Researchers from the Technical University of Denmark (DTU) and Chalmers University of Technology in Gothenburg, Sweden, have achieved data rates of more than 1Pbit/s using a single laser and a single optical chip, foreign media reported recently. The international team successfully transmitted 1.84Pbit/s over a 37-core, 7.9-km-long fiber using a single light source. The light source is a custom designed frequency comb ring resonator that generates 223 wavelength channels. Today’s equivalent system requires more than 1,000 lasers, marking a significant reduction in the size and power consumption of Internet delivery systems.
Researchers have doubled the speed of the Internet
“We also present a theoretical analysis showing that a single chip-level light source should be able to support 100Pbit/s in massively parallel spatial and wavelength multiplexed data transfer systems. Our findings may mark a shift in the design of future communication systems targeting device efficient transmitters and receivers, “the researchers said.

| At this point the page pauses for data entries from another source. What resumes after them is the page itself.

lemma sum_inverse_sqrt_square_terms_le:
  fixes e l :: real
  assumes "0 \<le> e" "0 \<le> l"
  shows "(\<Sum>m=1..<N. e + 2 * l / sqrt (real m) + 1 / (real m)\<^sup>2) \<le> real N * e + 4 * l * sqrt (real N) + 2"
proof -
  have "(\<Sum>m=1..<N. 1 / sqrt (real m)) \<le> (\<Sum>m=1..N. 1 / sqrt (real m))"
    by (intro sum_mono2) auto
  also have "\<dots> \<le> 2 * sqrt (real N)" by (rule sum_inverse_sqrt_le)
  finally have sqrt_sum: "(\<Sum>m=1..<N. 1 / sqrt (real m)) \<le> 2 * sqrt (real N)" .
  have "(\<Sum>m=1..<N. 1 / (real m)\<^sup>2) \<le> (\<Sum>m=1..N. 1 / (real m)\<^sup>2)"
    by (intro sum_mono2) auto
  also have "\<dots> \<le> 2" by (rule sum_inverse_square_le)
  finally have square_sum: "(\<Sum>m=1..<N. 1 / (real m)\<^sup>2) \<le> 2" .
  have "(\<Sum>m=1..<N. e + 2 * l / sqrt (real m) + 1 / (real m)\<^sup>2) =
        real (N - 1) * e + 2 * l * (\<Sum>m=1..<N. 1 / sqrt (real m)) + (\<Sum>m=1..<N. 1 / (real m)\<^sup>2)"
    by (simp add: sum.distrib sum_distrib_left)
  also have "\<dots> \<le> real N * e + 2 * l * (2 * sqrt (real N)) + 2"
    using sqrt_sum square_sum assms by (intro add_mono mult_left_mono mult_right_mono) auto
  finally show ?thesis by simp
qed

section \<open>Finitely supported expectations\<close>

lemma expectation_bind_pmf_finite:
  fixes f :: "'b \<Rightarrow> real"
  assumes "finite (set_pmf M)" and "\<And>x. x \<in> set_pmf M \<Longrightarrow> finite (set_pmf (N x))"
  shows "measure_pmf.expectation (M \<bind> N) f = measure_pmf.expectation M (\<lambda>x. measure_pmf.expectation (N x) f)"
  using pmf_expectation_bind[OF assms order_refl, where h=f]
    integral_measure_pmf_real[OF assms(1), of M "\<lambda>x. measure_pmf.expectation (N x) f"]
  by (simp add: mult.commute)

lemma map_pmf_eq_bernoulli: "map_pmf (\<lambda>b. b = a) M = bernoulli_pmf (pmf M a)"
proof (rule pmf_eqI)
  fix b :: bool
  have "{x. x \<noteq> a} = UNIV - {a}" by auto
  then have "measure_pmf.prob M {x. x \<noteq> a} = 1 - pmf M a"
    using measure_pmf.prob_compl[of "{a}" M] by (simp add: measure_pmf_single)
  then show "pmf (map_pmf (\<lambda>b. b = a) M) b = pmf (bernoulli_pmf (pmf M a)) b"
    by (cases b) (auto simp: pmf_map vimage_def measure_pmf_single pmf_le_1)
qed

lemma expectation_sum_minus_point:
  fixes u v :: "'a \<Rightarrow> real"
  assumes "finite A"
  shows "measure_pmf.expectation p (\<lambda>b. \<Sum>a\<in>A. v a - (if b = a then u a else 0)) =
         (\<Sum>a\<in>A. v a - pmf p a * u a)"
proof -
  have "measure_pmf.expectation p (\<lambda>b. if b = a then u a else 0) = pmf p a * u a" for a
    by (subst integral_measure_pmf_real[of "{a}"]) (auto split: if_splits)
  moreover have "integrable p (\<lambda>b. if b = a then u a else 0)" for a
    by (rule measure_pmf.integrable_const_bound[where B="\<bar>u a\<bar>"]) auto
  ultimately show ?thesis
    using assms by (simp add: integral_sum integral_diff)
qed

section \<open>Exponential weights\<close>

lemma exp_weights_regret_le:
  fixes g :: "nat \<Rightarrow> 'a \<Rightarrow> real" and q :: "'a \<Rightarrow> real"
  assumes A: "finite A" "A \<noteq> {}" and eta: "0 < \<eta>"
    and q: "\<And>a. a \<in> A \<Longrightarrow> 0 \<le> q a" "sum q A = 1"
  defines "w t a \<equiv> exp (\<eta> * (\<Sum>k<t. g k a))"
  shows "(\<Sum>t<N. \<Sum>a\<in>A. q a * g t a) \<le>
         ln (card A) / \<eta> + (\<Sum>t<N. \<Sum>a\<in>A. w t a / (\<Sum>b\<in>A. w t b) * ((exp (\<eta> * g t a) - 1) / \<eta>))"
proof -
  define W where "W t = (\<Sum>b\<in>A. w t b)" for t
  have W_pos: "0 < W t" for t
    unfolding W_def w_def using A by (intro sum_pos) auto
  have step: "ln (W (Suc t)) - ln (W t) \<le> (\<Sum>a\<in>A. w t a / W t * (exp (\<eta> * g t a) - 1))" for t
  proof -
    have "W (Suc t) / W t = (\<Sum>a\<in>A. w t a / W t * exp (\<eta> * g t a))"
      unfolding W_def w_def by (simp add: sum_divide_distrib distrib_left exp_add)
    also have "\<dots> = 1 + (\<Sum>a\<in>A. w t a / W t * (exp (\<eta> * g t a) - 1))"
      using W_pos[of t] by (simp add: right_diff_distrib sum_subtractf sum_divide_distrib[symmetric] W_def)
    finally have ratio: "W (Suc t) / W t = 1 + (\<Sum>a\<in>A. w t a / W t * (exp (\<eta> * g t a) - 1))" .
    have "ln (W (Suc t)) - ln (W t) = ln (W (Suc t) / W t)"
      using W_pos[of t] W_pos[of "Suc t"] by (simp add: ln_div)
    also have "\<dots> \<le> W (Suc t) / W t - 1"
      using W_pos[of t] W_pos[of "Suc t"] by (intro ln_le_minus_one) simp
    finally show ?thesis unfolding ratio by simp
  qed
  have "ln (W N) - ln (real (card A)) = (\<Sum>t<N. ln (W (Suc t)) - ln (W t))"
    by (subst sum_lessThan_telescope) (simp add: W_def w_def)
  also have "\<dots> \<le> (\<Sum>t<N. \<Sum>a\<in>A. w t a / W t * (exp (\<eta> * g t a) - 1))"
    by (intro sum_mono step)
  finally have upper: "ln (W N) \<le> ln (card A) + (\<Sum>t<N. \<Sum>a\<in>A. w t a / W t * (exp (\<eta> * g t a) - 1))"
    by simp
  have single: "\<eta> * (\<Sum>t<N. g t a) \<le> ln (W N)" if "a \<in> A" for a
    using member_le_sum[of a A "w N"] that A W_pos[of N]
    by (simp add: W_def w_def ln_ge_iff)
  have "\<eta> * (\<Sum>t<N. \<Sum>a\<in>A. q a * g t a) = (\<Sum>a\<in>A. q a * (\<eta> * (\<Sum>t<N. g t a)))"
    by (subst sum.swap) (simp add: sum_distrib_left mult_ac)
  also have "\<dots> \<le> (\<Sum>a\<in>A. q a * ln (W N))"
    by (intro sum_mono mult_left_mono single q(1))
  also have "\<dots> = ln (W N)"
    using q(2) by (simp flip: sum_distrib_right)
  finally have "\<eta> * (\<Sum>t<N. \<Sum>a\<in>A. q a * g t a) \<le>
      ln (card A) + (\<Sum>t<N. \<Sum>a\<in>A. w t a / W t * (exp (\<eta> * g t a) - 1))"
    using upper by linarith
  then have "(\<Sum>t<N. \<Sum>a\<in>A. q a * g t a) \<le>
      ln (card A) / \<eta> + (\<Sum>t<N. \<Sum>a\<in>A. w t a / W t * (exp (\<eta> * g t a) - 1)) / \<eta>"
    using eta by (simp add: pos_le_divide_eq mult.commute flip: add_divide_distrib)
  then show ?thesis
    unfolding W_def by (simp add: sum_divide_distrib)
qed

“What makes this chip special is that it produces a frequency comb with ideal optical fiber communication properties – it has high optical power and covers a wide band in the spectral region of interest for advanced optical communication,” Victor Torres-Inc., a professor at Chalmers University of Technology.
“In fact, some of the characteristic parameters are coincidental rather than by design,” he said. “However, through the efforts of my team, we are now able to reverse engineer the process and achieve highly reproducible microcombs for targeted applications in the telecommunications field.”

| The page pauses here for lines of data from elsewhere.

text \<open>Battery law P(s+ | x, s) of the binary energy-harvesting channel.\<close>
definition Pbat :: "real \<Rightarrow> nat \<Rightarrow> nat \<Rightarrow> nat \<Rightarrow> real" where
  "Pbat \<eta> sp x s = (if sp = 0 then (1 - \<eta>) * (if x = s then 1 else 0)
                     else 1 - (1 - \<eta>) * (if x = s then 1 else 0))"

definition Sset :: "nat set" where "Sset = {0, 1}"

definition Aset :: "nat \<Rightarrow> tup set" where
  "Aset N = {(s, u, q, x, sp, up, qp).
     s \<in> Sset \<and> sp \<in> Sset \<and> q \<in> {0..N} \<and>
     (if q < N then u \<in> {0..q} \<and> up \<in> {0, u + 1}
      else u \<in> {0..N} \<and> up = 0) \<and>
     x = f_enc up s \<and> qp = gL N q x}"

definition Dset :: "nat \<Rightarrow> tup set" where
  "Dset N = Sset \<times> {0..N} \<times> {0..N} \<times> Sset \<times> Sset \<times> {0..N} \<times> {0..N}"

definition Vset :: "real \<Rightarrow> nat \<Rightarrow> (tup \<Rightarrow> real) set" where
  "Vset \<eta> N = {v.
     (\<forall>t. t \<notin> Aset N \<longrightarrow> v t = 0) \<and>
     \<comment> \<open>(1) stationarity\<close>
     (\<forall>s\<in>Sset. \<forall>u\<in>{0..N}. \<forall>q\<in>{0..N}.
        (\<Sum>(x, sp, up, qp) \<in> Sset \<times> Sset \<times> {0..N} \<times> {0..N}. v (s, u, q, x, sp, up, qp))
      = (\<Sum>(s', u', q', x) \<in> Sset \<times> {0..N} \<times> {0..N} \<times> Sset. v (s', u', q', x, s, u, q))) \<and>
     \<comment> \<open>(2) state law\<close>
     (\<forall>(s, u, q, x, sp, up, qp) \<in> Aset N.
        v (s, u, q, x, sp, up, qp)
      = (\<Sum>sp'\<in>Sset. v (s, u, q, x, sp', up, qp)) * Pbat \<eta> sp x s) \<and>
     \<comment> \<open>(3) policy\<close>
     (\<forall>u\<in>{0..N}. \<forall>q\<in>{0..N}. \<forall>up\<in>{0..N}.
        (\<Sum>(x, sp, qp) \<in> Sset \<times> Sset \<times> {0..N}. v (0, u, q, x, sp, up, qp))
      = (1 - \<eta>) ^ (u + 1) *
        (\<Sum>(s, x, sp, qp) \<in> Sset \<times> Sset \<times> Sset \<times> {0..N}. v (s, u, q, x, sp, up, qp))) \<and>
     \<comment> \<open>(4) normalisation and nonnegativity\<close>
     (\<Sum>t\<in>Dset N. v t) = 1 \<and> (\<forall>t. v t \<ge> 0)}"

definition cond_mutual_info ::
  "('a \<times> 'b \<times> 'c \<Rightarrow> real) \<Rightarrow> 'a set \<Rightarrow> 'b set \<Rightarrow> 'c set \<Rightarrow> real" where
  "cond_mutual_info p A B C =
     (\<Sum>(a, b, c) \<in> A \<times> B \<times> C.
        let pabc = p (a, b, c);
            pc = (\<Sum>(a', b') \<in> A \<times> B. p (a', b', c));
            pac = (\<Sum>b'\<in>B. p (a, b', c));
            pbc = (\<Sum>a'\<in>A. p (a', b, c))
        in if pabc = 0 then 0 else pabc * log 2 (pabc * pc / (pac * pbc)))"

text \<open>I_v(U+,U; X | Q): A = (U+, U), B = X, C = Q.\<close>
definition objective :: "nat \<Rightarrow> (tup \<Rightarrow> real) \<Rightarrow> real" where
  "objective N v = cond_mutual_info
     (\<lambda>((up, u), x, q). \<Sum>(s, sp, qp) \<in> Sset \<times> Sset \<times> {0..N}. v (s, u, q, x, sp, up, qp))
     ({0..N} \<times> {0..N}) Sset {0..N}"

end

theory Submission
  imports Defs
begin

“Our calculations show that with a single chip and a single laser manufactured at Chalmers University of Technology, we will be able to transmit data up to 100Pbit/s,” said Professor Leif Katsuo Oxenøwe, head of the Centre of Excellence for Silicon Photonics. DTU Optical Communication (SPOC).
“The reason for this is that our solution is scalable – both in terms of creating many frequencies and also in terms of dividing the frequency comb into many spatial copies and then optically amplifying them and using them as parallel sources where we can transmit data. Although the comb copy has to be amplified, we don’t lose the comb quality, and we use it for spectrally efficient data transmission.”
“In other words, our solution offers the potential to replace hundreds of thousands of lasers located at the heart of the Internet and in data centers, all of which consume power and generate heat. We have the opportunity to contribute to the realization of an Internet that reduces our climate footprint, “said Oxenløwe.
“There are efforts around the world to integrate laser sources into optical chips, and so are we. The more components we can integrate in the chip, the more efficient the overall transmitter will be. That is, lasers, comb chips, data modulators, and any amplifier elements. It will be an extremely efficient light emitter of data signals, “he said.